Dutch’s day looked up when he saw him there.
He didn’t hesitate moving right to the guy who was not at one of the couches around the big sixty-incher, watching some show where three bitches were wearing skintight mini-dresses and four-inch heels, shouting at each other and pulling each other’s hair.
He was sitting at a table on the outskirts.
That was Carlyle.
The outsider.
Even at a shelter for runaway kids.
“The wig’s gonna go, wait and see,” he declared as Dutch made the table.
Dutch turned his head and looked at the TV.
Carlyle was right. One of the women was shrieking because another one had pulled off her wig.
Dutch sighed and looked back to a boy who was really no longer a boy.
The kid was six nine if he was an inch. Three hundred pounds if he was an ounce. Dark skin. Brown eyes hard as marbles.
He was also seventeen, and if something wasn’t done, soon, he’d be free to do whatever he wanted.
And Dutch did not see this going in the right direction.
He knew why Carlyle was there.
And Dutch could be the only guy in Denver who could get him out of there.
And he needed to get this kid out of there.
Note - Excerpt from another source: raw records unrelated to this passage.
lemma grid_cell_bounded:
  fixes x y :: "real^'d::finite"
  assumes "norm y \<le> B" "norm x \<le> X" "0 < r$i"
  shows "\<bar>grid_cell r x y $ i\<bar> \<le> \<lceil>B / r$i + X\<rceil> + 1"
proof -
  have "\<bar>y$i\<bar> \<le> B" "\<bar>x$i\<bar> \<le> X"
    using assms(1,2) component_le_norm_cart[of y i] component_le_norm_cart[of x i] by linarith+
  then have "\<bar>y$i / r$i\<bar> \<le> B / r$i" using assms(3) by (simp add: abs_div divide_right_mono)
  then have "\<bar>grid_cell r x y $ i\<bar> \<le> \<lceil>B / r$i + \<bar>x$i\<bar>\<rceil> + 1"
    unfolding grid_cell_def by (simp add: abs_floor_add_le)
  also have "\<dots> \<le> \<lceil>B / r$i + X\<rceil> + 1"
    using \<open>\<bar>x$i\<bar> \<le> X\<close> by (simp add: ceiling_mono)
  finally show ?thesis .
qed

lemma floor_mem_window:
  fixes u v L :: real
  assumes "u \<le> v" "v < u + L"
  shows "\<lfloor>v\<rfloor> \<in> {\<lfloor>u\<rfloor> .. \<lfloor>u\<rfloor> + \<lceil>L\<rceil>}"
proof -
  have "of_int \<lfloor>v\<rfloor> < of_int \<lfloor>u\<rfloor> + 1 + real_of_int \<lceil>L\<rceil>"
    using assms of_int_floor_le[of v] real_of_int_floor_gt_diff_one[of u] le_of_int_ceiling[of L]
    by linarith
  then show ?thesis using assms(1) by (simp add: floor_mono)
qed

lemma card_ceiling_window_le:
  fixes L R :: real
  assumes "0 < L" "L \<le> R"
  shows "real (card {l .. l + \<lceil>L\<rceil>}) \<le> R + 2"
proof -
  have "real (card {l .. l + \<lceil>L\<rceil>}) = of_int \<lceil>L\<rceil> + 1"
    using assms(1) by simp
  then show ?thesis using assms(2) of_int_ceiling_le_add_one[of L] by linarith
qed

lemma grid_cells_meeting_coarse_cell:
  fixes r r' :: "real^'d::finite"
  assumes r: "\<And>i. 0 < r$i" and r': "\<And>i. 0 < r'$i" and R: "\<And>i. r'$i \<le> R * r$i"
  shows "\<exists>S. finite S \<and> real (card S) \<le> (R + 2) ^ CARD('d) \<and>
           (\<forall>y. grid_cell r' x' y = b \<longrightarrow> grid_cell r x y \<in> S)"
proof -
  define l where "l i = \<lfloor>(of_int (b$i) - x'$i) * r'$i / r$i + x$i\<rfloor>" for i
  define c where "c i = \<lceil>r'$i / r$i\<rceil>" for i
  define S where "S = {k::int^'d. \<forall>i. k$i \<in> {l i .. l i + c i}}"
  have "grid_cell r x y \<in> S" if "grid_cell r' x' y = b" for y
    unfolding S_def
  proof (intro CollectI allI)
    fix i
    define u where "u = (of_int (b$i) - x'$i) * r'$i / r$i + x$i"
    have "\<lfloor>y$i / r'$i + x'$i\<rfloor> = b$i"
      using that by (auto simp: grid_cell_def)
    then have "(of_int (b$i) - x'$i) * r'$i \<le> y$i" "y$i < (of_int (b$i) - x'$i) * r'$i + r'$i"
      using r'[of i] by (simp_all add: floor_eq_iff field_simps)
    then have "u \<le> y$i / r$i + x$i" "y$i / r$i + x$i < u + r'$i / r$i"
      using r[of i] by (simp_all add: u_def divide_right_mono add_divide_distrib[symmetric]
          divide_strict_right_mono)
    then have "\<lfloor>y$i / r$i + x$i\<rfloor> \<in> {\<lfloor>u\<rfloor> .. \<lfloor>u\<rfloor> + \<lceil>r'$i / r$i\<rceil>}"
      by (rule floor_mem_window)
    then show "grid_cell r x y $ i \<in> {l i .. l i + c i}"
      by (simp add: grid_cell_def l_def c_def u_def)
  qed
  moreover have "finite S" unfolding S_def by (rule finite_vec_box) simp
  moreover have "real (card S) \<le> (R + 2) ^ CARD('d)"
  proof -
    have "r'$i / r$i \<le> R" "0 < r'$i / r$i" for i
      using R[of i] r[of i] r'[of i] by (simp_all add: pos_divide_le_eq)
    then have "(\<Prod>i\<in>UNIV. real (card {l i .. l i + c i})) \<le> (\<Prod>i\<in>(UNIV::'d set). R + 2)"
      unfolding c_def by (intro prod_mono conjI card_ceiling_window_le) simp_all
    moreover have "card S = (\<Prod>i\<in>UNIV. card {l i .. l i + c i})"
      unfolding S_def by (rule card_vec_box) simp
    ultimately show ?thesis by simp
  qed
  ultimately show ?thesis by blast
qed
(* Let $G=(V,E)$ be a finite simple graph with maximum vertex degree $\Delta$, let $w\in(0,1)$ and let $M\subseteq E$. Suppose the even subgraph model on $G$ with measure $\lambda(A)=w^{|A\oplus M|}$ has $(\chi_2,\chi_4)$-bounded defect susceptibility, i.e. \[ \frac{\lambda(\mathcal C_2)}{\lambda(\mathcal C_0)}\le \chi_2,\qquad \frac{\lambda(\mathcal C_4)}{\lambda(\mathcal C_0)}\le \chi_4 . \] Then the relaxation time of the lazy worm process on $\mathcal W=\mathcal C_0\cup\mathcal C_2$ satisfies \[ t_{\rm rel}\le 8\,\Delta\, w^{-1}\,|E|\,\bigl[(1+\chi_2)(2+|V|)+2\chi_4\bigr]. \]
   Context: Subgraphs of $G$ are identified with edge subsets $A\subseteq E$; $\oplus$ denotes symmetric difference, $d(u)$ the degree of vertex $u$ in $G$, and $\partial A$ the set of vertices having odd degree in $(V,A)$. $\mathcal C_k=\{A\subseteq E: |\partial A|=k\}$, and for a set $\mathcal S$ of subgraphs $\lambda(\mathcal S)=\sum_{A\in\mathcal S}\lambda(A)$, where $\lambda(A)=w^{|A\oplus M|}$. The state space is $\mathcal W=\mathcal C_0\cup\mathcal C_2$, equipped with the Prokof'ev–Svistunov measure $\pi(A)=\Psi(A)\lambda(A)/(|V|\lambda(\mathcal C_0)+2\lambda(\mathcal C_2))$, where $\Psi(A)=|V|$ if $A\in\mathcal C_0$ and $\Psi(A)=2$ if $A\in\mathcal C_2$. The lazy worm process is the Markov chain on $\mathcal W$ whose transition matrix $P$ is as follows: for $A\in\mathcal W$ and an edge $e=uv\in E$ with $A\oplus e\in\mathcal W$, (i) if $A\in\mathcal C_0$: $P(A,A\oplus e)=w^{\mathbf 1[e\notin A\oplus M]}\frac{1}{2|V|}\bigl(\frac1{d(u)}+\frac1{d(v)}\bigr)$; (ii) if $A\in\mathcal C_2$ and $A\oplus e\in\mathcal C_0$: $P(A,A\oplus e)=w^{\mathbf 1[e\notin A\oplus M]}\frac14\bigl(\frac1{d(u)}+\frac1{d(v)}\bigr)$; (iii) if $A\in\mathcal C_2$, $A\oplus e\in\mathcal C_2$ and $u\in\partial A$: $P(A,A\oplus e)=\min\!\bigl(\frac{d(u)}{d(v)}w^{\mathbf 1[e\notin A\oplus M]-\mathbf 1[e\in A\oplus M]},1\bigr)\frac{1}{4d(u)}$; all other off-diagonal entries are $0$ and $P(A,A)=1-\sum_{B\neq A}P(A,B)$. The relaxation time is $t_{\rm rel}=1/\gamma_\ast$, where $\gamma_\ast=1-\max\{|\mu|:\mu\ne 1 \text{ an eigenvalue of } P\}$ is the absolute spectral gap of $P$. *)

theory Defs
  imports Complex_Main
begin

definition simple_graph :: "'a set \<Rightarrow> 'a set set \<Rightarrow> bool" where
  "simple_graph V E \<longleftrightarrow> finite V \<and> (\<forall>e\<in>E. \<exists>u v. e = {u, v} \<and> u \<in> V \<and> v \<in> V \<and> u \<noteq> v)"

definition symdiff :: "'b set \<Rightarrow> 'b set \<Rightarrow> 'b set" where
  "symdiff A B = (A - B) \<union> (B - A)"

definition deg :: "'a set set \<Rightarrow> 'a \<Rightarrow> nat" where
  "deg A u = card {e \<in> A. u \<in> e}"

definition max_degree :: "'a set \<Rightarrow> 'a set set \<Rightarrow> nat" where
  "max_degree V E = Max (deg E ` V)"

definition bdry :: "'a set \<Rightarrow> 'a set set \<Rightarrow> 'a set" where
  "bdry V A = {u \<in> V. odd (deg A u)}"

definition Ck :: "'a set \<Rightarrow> 'a set set \<Rightarrow> nat \<Rightarrow> 'a set set set" where
  "Ck V E k = {A. A \<subseteq> E \<and> card (bdry V A) = k}"

definition wt :: "real \<Rightarrow> 'a set set \<Rightarrow> 'a set set \<Rightarrow> real" where
  "wt w M A = w ^ card (symdiff A M)"

definition wtS :: "real \<Rightarrow> 'a set set \<Rightarrow> 'a set set set \<Rightarrow> real" where
  "wtS w M S = (\<Sum>A\<in>S. wt w M A)"

definition worm_space :: "'a set \<Rightarrow> 'a set set \<Rightarrow> 'a set set set" where
  "worm_space V E = Ck V E 0 \<union> Ck V E 2"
Outside the obvious, Dutch had no idea what was at stake for the future.
The cure for cancer.
A Nobel Prize.
Or just this kid becoming a billionaire.
All he knew was that whatever was at stake was big.
He tossed the book on the table.
Carlyle didn’t look at it, kept his eyes glued to the TV.
“Your mind’s gonna turn to mush, you stare at that shit too long,” Dutch warned.
That brought Carlyle’s eyes.
“Yeah?” he asked, the word short and belligerent.
“Yeah,” Dutch confirmed.
Carlyle said nothing.
“I’m adding to the shelter’s library,” Dutch told him, dipping his head toward the book.
“And why would I give a shit?” Carlyle queried.
“Because you’d do better reading a decent book than watching zombie television.”
Carlyle’s heavy brows went up. “Zombie television?”
“There’s nothing worthwhile to TV like that. It rots your mind. Turns you into a zombie.”
Carlyle straightened in his chair, and to a man who had not spent his formative years under the wing of the entirety of the Chaos MC, particularly a brother called Hound, Carlyle straightening might make his sphincter tighten.
But Dutch knew how to handle himself with fists, with a blade, with a piece, in most any situation. Chaos had seen to that.
More precisely, Hound had seen to that.
So when Carlyle’s attention focused more fully on him, Dutch didn’t twitch.
“Man, who gives a fuck?” he asked.
“I think me standing here is pretty good indication that I do,” Dutch replied.
Carlyle looked back to the TV, muttering, “Fuck off.”
“Carlyle—”
That was when he got the treatment he’d given Duke at Fortnum’s.
But Carlyle style.
“Do you think I’m invisible? Do you fuckin’ think I’m invisible?” Carlyle spat.